BEGIN

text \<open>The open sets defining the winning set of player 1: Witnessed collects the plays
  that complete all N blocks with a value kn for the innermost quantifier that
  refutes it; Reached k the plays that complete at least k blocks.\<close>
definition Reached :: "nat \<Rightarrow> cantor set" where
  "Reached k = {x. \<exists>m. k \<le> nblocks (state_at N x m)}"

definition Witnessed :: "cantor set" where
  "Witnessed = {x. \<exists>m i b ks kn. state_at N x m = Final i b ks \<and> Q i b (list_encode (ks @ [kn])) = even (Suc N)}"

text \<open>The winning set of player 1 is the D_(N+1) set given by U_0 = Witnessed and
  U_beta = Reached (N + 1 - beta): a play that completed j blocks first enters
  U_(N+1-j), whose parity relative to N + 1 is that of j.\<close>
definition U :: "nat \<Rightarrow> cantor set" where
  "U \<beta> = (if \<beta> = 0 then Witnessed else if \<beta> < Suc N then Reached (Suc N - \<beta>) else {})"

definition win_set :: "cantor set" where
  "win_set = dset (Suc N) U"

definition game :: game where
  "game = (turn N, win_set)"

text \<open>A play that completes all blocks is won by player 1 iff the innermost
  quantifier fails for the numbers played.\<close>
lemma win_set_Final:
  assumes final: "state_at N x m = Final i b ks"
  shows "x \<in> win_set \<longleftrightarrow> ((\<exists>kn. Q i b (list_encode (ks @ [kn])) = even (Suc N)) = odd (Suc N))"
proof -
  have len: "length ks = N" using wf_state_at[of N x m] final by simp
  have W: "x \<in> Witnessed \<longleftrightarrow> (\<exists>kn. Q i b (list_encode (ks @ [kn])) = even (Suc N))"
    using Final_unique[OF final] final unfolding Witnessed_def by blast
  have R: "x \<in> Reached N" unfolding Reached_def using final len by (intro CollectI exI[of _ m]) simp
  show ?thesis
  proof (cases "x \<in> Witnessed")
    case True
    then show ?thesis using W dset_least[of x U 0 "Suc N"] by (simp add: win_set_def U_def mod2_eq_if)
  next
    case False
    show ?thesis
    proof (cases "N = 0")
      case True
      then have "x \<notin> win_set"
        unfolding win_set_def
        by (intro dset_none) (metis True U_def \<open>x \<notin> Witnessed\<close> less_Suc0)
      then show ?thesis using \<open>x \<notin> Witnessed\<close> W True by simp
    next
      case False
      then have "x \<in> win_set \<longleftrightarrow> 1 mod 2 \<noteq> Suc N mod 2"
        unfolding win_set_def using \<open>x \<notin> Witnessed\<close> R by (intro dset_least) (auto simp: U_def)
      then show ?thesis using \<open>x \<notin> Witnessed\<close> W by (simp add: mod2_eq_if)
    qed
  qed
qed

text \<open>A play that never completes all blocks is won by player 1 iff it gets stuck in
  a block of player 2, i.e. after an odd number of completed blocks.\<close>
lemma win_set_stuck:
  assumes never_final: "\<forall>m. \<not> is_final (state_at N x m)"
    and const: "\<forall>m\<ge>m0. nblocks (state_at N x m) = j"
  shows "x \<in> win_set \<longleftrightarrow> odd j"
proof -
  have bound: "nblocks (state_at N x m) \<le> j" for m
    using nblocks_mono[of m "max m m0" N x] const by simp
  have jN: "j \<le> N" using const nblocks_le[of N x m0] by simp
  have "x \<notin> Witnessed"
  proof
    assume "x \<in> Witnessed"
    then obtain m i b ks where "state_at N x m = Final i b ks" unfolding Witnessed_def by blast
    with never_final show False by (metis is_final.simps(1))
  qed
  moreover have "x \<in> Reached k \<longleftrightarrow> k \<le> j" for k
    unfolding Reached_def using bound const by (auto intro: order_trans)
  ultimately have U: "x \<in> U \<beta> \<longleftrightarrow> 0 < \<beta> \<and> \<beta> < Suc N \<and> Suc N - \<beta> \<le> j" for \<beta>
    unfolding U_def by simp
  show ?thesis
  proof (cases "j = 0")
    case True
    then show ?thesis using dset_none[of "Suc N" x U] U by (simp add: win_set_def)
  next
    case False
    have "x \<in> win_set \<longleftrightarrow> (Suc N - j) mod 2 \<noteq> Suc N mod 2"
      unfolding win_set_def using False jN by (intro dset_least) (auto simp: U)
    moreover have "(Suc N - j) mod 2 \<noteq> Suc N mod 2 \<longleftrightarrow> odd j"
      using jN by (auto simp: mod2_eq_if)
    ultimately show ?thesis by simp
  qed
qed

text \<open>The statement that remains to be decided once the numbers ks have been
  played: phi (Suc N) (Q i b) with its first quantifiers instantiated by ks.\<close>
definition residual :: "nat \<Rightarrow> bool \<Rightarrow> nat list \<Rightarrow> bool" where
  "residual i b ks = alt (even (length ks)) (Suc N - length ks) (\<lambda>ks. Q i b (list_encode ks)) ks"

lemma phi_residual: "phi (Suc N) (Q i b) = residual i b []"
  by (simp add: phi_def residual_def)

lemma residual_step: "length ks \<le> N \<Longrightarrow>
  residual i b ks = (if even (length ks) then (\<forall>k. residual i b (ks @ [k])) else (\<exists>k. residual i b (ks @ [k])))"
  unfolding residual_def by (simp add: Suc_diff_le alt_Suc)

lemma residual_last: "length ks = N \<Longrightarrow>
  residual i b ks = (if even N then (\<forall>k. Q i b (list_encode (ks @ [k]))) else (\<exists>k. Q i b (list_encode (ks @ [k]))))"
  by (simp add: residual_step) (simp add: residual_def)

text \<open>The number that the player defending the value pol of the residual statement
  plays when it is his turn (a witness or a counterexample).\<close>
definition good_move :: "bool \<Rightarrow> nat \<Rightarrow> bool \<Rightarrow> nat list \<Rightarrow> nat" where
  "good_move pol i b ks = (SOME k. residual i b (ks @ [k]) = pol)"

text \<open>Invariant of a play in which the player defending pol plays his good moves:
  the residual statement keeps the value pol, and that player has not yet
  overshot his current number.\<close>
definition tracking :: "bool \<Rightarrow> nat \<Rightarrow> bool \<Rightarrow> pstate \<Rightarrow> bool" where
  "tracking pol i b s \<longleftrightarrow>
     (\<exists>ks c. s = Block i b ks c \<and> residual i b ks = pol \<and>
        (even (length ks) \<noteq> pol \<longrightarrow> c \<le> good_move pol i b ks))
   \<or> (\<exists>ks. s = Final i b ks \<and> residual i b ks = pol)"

END

EXERCISE PROMPT. Copy from the entries only those lines that hold the word "plays".

TASK SOLUTION.
text \<open>The open sets defining the winning set of player 1: Witnessed collects the plays
  refutes it; Reached k the plays that complete at least k blocks.\<close>
  plays when it is his turn (a witness or a counterexample).\<close>
text \<open>Invariant of a play in which the player defending pol plays his good moves:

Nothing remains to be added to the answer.